Indeed, Bedford-Stuyvesant saw the second-highest gain in its number of trees in the entire city from 2010 to 2017, with a 3.6 percent gain.

Green-Wood Cemetery in Brooklyn, praised by the Nature Conservancy for its high quality of care for trees. Eagle file photo by Lore Croghan

However, the lowest stocking rate of street trees in Brooklyn was in Brighton Beach/Coney Island/Gravesend. There were overall losses in those areas as well as Sheepshead Bay and Canarsie, since those neighborhoods were most often hit by storms. 

Within these neighborhoods, in places where the number of trees increased, it was almost certainly the result of planting after the storms, the report said. Trees in shorefront areas hit by storms are not suddenly knocked down, but are damaged little due to winds, salt water, etc.

There are several factors that contribute to the growth of trees, the Nature Conservancy said. One involves planting of new trees by low-rise homeowners, especially as deteriorating older houses are rehabilitated, or by developers of high-rises who wish to provide trees as an amenity. Another involves planting of new trees within parks themselves. 

A tree-lined street in Stuyvesant Heights, Bedford-Stuyvesant.
Eagle file photo by Raanan Geberer

Yet another involves the fact that existing trees are growing in size, both vertically and horizontally. For example, a diagram within the report, “Canopy Change within Breukelen Houses,” shows that this NYCHA development in Canarsie had a net tree-canopy gain of seven acres, both from new tree plantings and because of the growth of existing trees, providing more shade.

The report also talks about groups responsible for planting and maintaining the tree canopy. These include the Parks Department itself, support groups within the parks, and private groups. 

In particular, the report singles out the Gowanus Tree Network, formed in 2018 as an effort to care for 130 trees in that particular neighborhood. One of many photos in the report also shows volunteers from the Gowanus Canal Conservancy (one of the partners in the Gowanus Tree Network) caring for a rain garden on Sixth Street near the canal.

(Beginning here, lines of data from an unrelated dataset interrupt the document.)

(* The function $f(t) = t^{-1}(1-e^t)\log(1-e^{-t})$ is a strictly decreasing bijection from $\mathbb{R}^+ = (0,\infty)$ onto $\mathbb{R}^+$. *)

theory Defs
  imports "HOL-Analysis.Analysis"
begin

definition fact_f :: "real \<Rightarrow> real" where
  "fact_f t = (1 / t) * (1 - exp t) * ln (1 - exp (- t))"

end

theory Submission imports Defs "HOL-Real_Asymp.Real_Asymp" begin

text \<open>
  Writing \<open>L t = ln (1 - exp (- t))\<close>, the derivative of \<open>fact_f\<close> is \<open>h t / t\<^sup>2\<close> with
  \<open>h t = t (- exp t L t - 1) - (1 - exp t) L t\<close>. One computes
  \<open>h' t = t exp t (- L t - 1 / (exp t - 1))\<close>, which is negative because
  \<open>- L t = ln (1 + u) < u\<close> for \<open>u = 1 / (exp t - 1)\<close>. As \<open>h\<close> tends to \<open>0\<close> at \<open>0\<close>, it is
  negative, so \<open>fact_f\<close> is strictly decreasing. It is positive, tends to \<open>\<infinity>\<close> at \<open>0\<close> and to \<open>0\<close>
  at \<open>\<infinity>\<close>, so by continuity it maps \<open>{0<..}\<close> onto \<open>{0<..}\<close>.
\<close>

lemma bij_betw_pos_reals_if_strict_antimono:
  fixes f :: "real \<Rightarrow> real"
  assumes decr: "\<And>s t. 0 < s \<Longrightarrow> s < t \<Longrightarrow> f t < f s"
    and cont: "continuous_on {0<..} f"
    and pos: "\<And>t. 0 < t \<Longrightarrow> 0 < f t"
    and at_0: "filterlim f at_top (at_right 0)"
    and at_infinity: "(f \<longlongrightarrow> 0) at_top"
  shows "bij_betw f {0<..} {0<..}"
proof -
  have "inj_on f {0<..}"
    by (rule inj_onI) (metis decr greaterThan_iff linorder_neqE_linordered_idom less_irrefl)
  moreover have "{0<..} \<subseteq> f ` {0<..}"
  proof
    fix y :: real assume "y \<in> {0<..}"
    have "\<forall>\<^sub>F t in at_right 0. y < f t"
      using at_0 filterlim_at_top_dense by blast
    then obtain b where b: "0 < b" "\<And>t. 0 < t \<Longrightarrow> t < b \<Longrightarrow> y < f t"
      unfolding eventually_at_right_field by auto
    have "\<forall>\<^sub>F t in at_top. f t < y"
      using at_infinity \<open>y \<in> {0<..}\<close> order_tendstoD(2) by auto
    then obtain N where N: "\<And>t. N \<le> t \<Longrightarrow> f t < y"
      unfolding eventually_at_top_linorder by auto
    have "b / 2 \<le> max N b" "f (max N b) < y" "y < f (b / 2)"
      using b N by auto
    moreover have "\<forall>x. b / 2 \<le> x \<and> x \<le> max N b \<longrightarrow> isCont f x"
      using b(1) cont by (auto intro!: continuous_on_interior[of "{0<..}"] simp: interior_open)
    ultimately obtain x where "b / 2 \<le> x" "f x = y"
      using IVT2[of f "max N b" y "b / 2"] by auto
    with b(1) show "y \<in> f ` {0<..}"
      by force
  qed
  ultimately show ?thesis
    using pos by (auto simp: bij_betw_def)
qed

lemma less_at_right_limit_if_strict_antimono:
  fixes h :: "real \<Rightarrow> real"
  assumes lim: "(h \<longlongrightarrow> c) (at_right a)"
    and decr: "\<And>s t. a < s \<Longrightarrow> s < t \<Longrightarrow> h t < h s"
    and "a < t"
  shows "h t < c"
proof -
  define m where "m = (a + t) / 2"
  have m: "a < m" "m < t"
    using \<open>a < t\<close> by (auto simp: m_def)
  have "h m \<le> c"
  proof (rule tendsto_lowerbound[OF lim])
    show "\<forall>\<^sub>F x in at_right a. h m \<le> h x"
      unfolding eventually_at_right_field
      using m by (intro exI[of _ m]) (auto intro: less_imp_le decr)
  qed simp
  with decr[OF m] show ?thesis
    by simp
qed

lemma minus_ln_one_minus_exp_neg_less:
  fixes t :: real
  assumes "0 < t"
  shows "- ln (1 - exp (- t)) < 1 / (exp t - 1)"
proof -
  define u where "u = 1 / (exp t - 1)"
  have "0 < u"
    using assms by (simp add: u_def)
  have "1 - exp (- t) = inverse (1 + u)"
    using assms by (simp add: u_def exp_minus field_simps)
  then have "- ln (1 - exp (- t)) = ln (1 + u)"
    using \<open>0 < u\<close> by (simp add: ln_inverse)
  with ln_add_one_self_less_self[OF \<open>0 < u\<close>] show ?thesis
    by (simp add: u_def)
qed

lemma has_real_derivative_ln_one_minus_exp_neg:
  fixes t :: real
  assumes "0 < t"
  shows "((\<lambda>t. ln (1 - exp (- t))) has_real_derivative 1 / (exp t - 1)) (at t)"
proof -
  have "exp (- t) < 1" "1 < exp t"
    using assms by auto
  then show ?thesis
    by (auto intro!: derivative_eq_intros simp: exp_minus field_simps)
qed

definition fact_f_deriv_numer :: "real \<Rightarrow> real" where
  "fact_f_deriv_numer t =
     t * (- exp t * ln (1 - exp (- t)) - 1) - (1 - exp t) * ln (1 - exp (- t))"

lemma has_real_derivative_fact_f:
  fixes t :: real
  assumes "0 < t"
  shows "(fact_f has_real_derivative fact_f_deriv_numer t / t\<^sup>2) (at t)"
proof -
  \<comment> \<open>Abstracting \<open>L\<close> keeps \<open>derivative_eq_intros\<close> from differentiating through \<open>ln\<close>,
    which produces a derivative that \<open>field_simps\<close> cannot normalize efficiently.\<close>
  define L where "L t = ln (1 - exp (- t))" for t :: real
  have dL: "(L has_real_derivative 1 / (exp t - 1)) (at t)"
    unfolding L_def[abs_def] using has_real_derivative_ln_one_minus_exp_neg[OF assms] .
  have "(1 - exp t) * (1 / (exp t - 1)) = - 1"
    using assms by (simp add: divide_simps)
  then have "((\<lambda>t. (1 - exp t) * L t) has_real_derivative - exp t * L t - 1) (at t)"
    by (auto intro!: derivative_eq_intros dL)
  then have "((\<lambda>t. (1 - exp t) * L t / t) has_real_derivative
              ((- exp t * L t - 1) * t - (1 - exp t) * L t * 1) / (t * t)) (at t)"
    using assms by (intro DERIV_divide) (auto intro!: derivative_eq_intros)
  moreover have "fact_f = (\<lambda>t. (1 - exp t) * L t / t)"
    by (simp add: fact_f_def[abs_def] L_def)
  ultimately show ?thesis
    by (simp add: fact_f_deriv_numer_def L_def power2_eq_square algebra_simps)
qed

lemma has_real_derivative_fact_f_deriv_numer:
  fixes t :: real
  assumes "0 < t"
  shows "(fact_f_deriv_numer has_real_derivative
           t * exp t * (- ln (1 - exp (- t)) - 1 / (exp t - 1))) (at t)"
proof -
  define L where "L t = ln (1 - exp (- t))" for t :: real
  have dL: "(L has_real_derivative 1 / (exp t - 1)) (at t)"
    unfolding L_def[abs_def] using has_real_derivative_ln_one_minus_exp_neg[OF assms] .
  have h_eq: "fact_f_deriv_numer = (\<lambda>t. t * (- exp t * L t - 1) - (1 - exp t) * L t)"
    by (simp add: fact_f_deriv_numer_def[abs_def] L_def)
  have deriv: "(fact_f_deriv_numer has_real_derivative
               (- exp t * L t - 1) + t * (- exp t * L t - exp t * (1 / (exp t - 1)))
               - (- exp t * L t + (1 - exp t) * (1 / (exp t - 1)))) (at t)"
    unfolding h_eq by (auto intro!: derivative_eq_intros dL)
  have "(1 - exp t) * (1 / (exp t - 1)) = - 1"
    using assms by (simp add: divide_simps)
  then have deriv_eq: "(- exp t * L t - 1) + t * (- exp t * L t - exp t * (1 / (exp t - 1)))
               - (- exp t * L t + (1 - exp t) * (1 / (exp t - 1)))
             = t * exp t * (- L t - 1 / (exp t - 1))"
    by (simp add: algebra_simps)
  show ?thesis
    using deriv unfolding deriv_eq unfolding L_def .
qed

lemma fact_f_deriv_numer_strict_antimono:
  fixes s t :: real
  assumes "0 < s" "s < t"
  shows "fact_f_deriv_numer t < fact_f_deriv_numer s"
proof (rule DERIV_neg_imp_decreasing[OF \<open>s < t\<close>])
  fix x assume "s \<le> x"
  with assms have "0 < x"
    by simp
  then have "x * exp x * (- ln (1 - exp (- x)) - 1 / (exp x - 1)) < 0"
    using minus_ln_one_minus_exp_neg_less by (simp add: mult_pos_neg)
  with has_real_derivative_fact_f_deriv_numer[OF \<open>0 < x\<close>]
  show "\<exists>y. (fact_f_deriv_numer has_real_derivative y) (at x) \<and> y < 0"
    by blast
qed

lemma fact_f_deriv_numer_tendsto_0: "(fact_f_deriv_numer \<longlongrightarrow> 0) (at_right 0)"
  unfolding fact_f_deriv_numer_def[abs_def] by real_asymp

lemma fact_f_deriv_numer_neg: "0 < t \<Longrightarrow> fact_f_deriv_numer t < 0"
  by (rule less_at_right_limit_if_strict_antimono[OF fact_f_deriv_numer_tendsto_0
        fact_f_deriv_numer_strict_antimono])

lemma fact_f_strict_antimono:
  fixes s t :: real
  assumes "0 < s" "s < t"
  shows "fact_f t < fact_f s"
proof (rule DERIV_neg_imp_decreasing[OF \<open>s < t\<close>])
  fix x assume "s \<le> x"
  with assms have "0 < x"
    by simp
  with has_real_derivative_fact_f fact_f_deriv_numer_neg
  show "\<exists>y. (fact_f has_real_derivative y) (at x) \<and> y < 0"
    by (intro exI[of _ "fact_f_deriv_numer x / x\<^sup>2"]) (auto simp: divide_neg_pos)
qed

lemma fact_f_pos:
  fixes t :: real
  assumes "0 < t"
  shows "0 < fact_f t"
proof -
  have "ln (1 - exp (- t)) < 0" "1 - exp t < 0"
    using assms by auto
  with assms show ?thesis
    by (simp add: fact_f_def mult_neg_neg)
qed

lemma continuous_on_fact_f: "continuous_on {0<..} fact_f"
  using has_real_derivative_fact_f
  by (intro DERIV_continuous_on[where D = "\<lambda>t. fact_f_deriv_numer t / t\<^sup>2"])
    (auto intro: has_field_derivative_at_within)

lemma fact_f_tendsto_at_right_0: "filterlim fact_f at_top (at_right 0)"
  unfolding fact_f_def[abs_def] by real_asymp

lemma fact_f_tendsto_at_top: "(fact_f \<longlongrightarrow> 0) at_top"
  unfolding fact_f_def[abs_def] by real_asymp

theorem fact2p3:
  shows "(\<forall>s\<in>{0<..}. \<forall>t\<in>{0<..}. s < t \<longrightarrow> fact_f t < fact_f s)
         \<and> bij_betw fact_f {0<..} {0<..}"
  using fact_f_strict_antimono
    bij_betw_pos_reals_if_strict_antimono[OF fact_f_strict_antimono continuous_on_fact_f
      fact_f_pos fact_f_tendsto_at_right_0 fact_f_tendsto_at_top]
  by auto

end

Volunteers with the Gowanus Tree Network care for a street tree in their neighborhood. Photo courtesy of Gowanus Canal Conservancy

The Nature Conservancy, in the report, also reports approvingly about how Green-Wood Cemetery and the Brooklyn Botanic Garden foster the growth of trees. At Green-Wood Cemetery, for example, “the entire tree collection is mapped and digitized, and management is tracked through time.” In 2018, for example, 98 trees deemed unsound or in poor health were removed, and 300 new trees were planted. 

As for the Brooklyn Botanic Garden, it not only takes care of its own trees, with paid arborists on staff, but sponsors the “Greenest Block in Brooklyn,” in which neighborhood blocks compete to make their blocks greener through streetscape planting. The BBG itself has more than 100 tree and woody-plant species.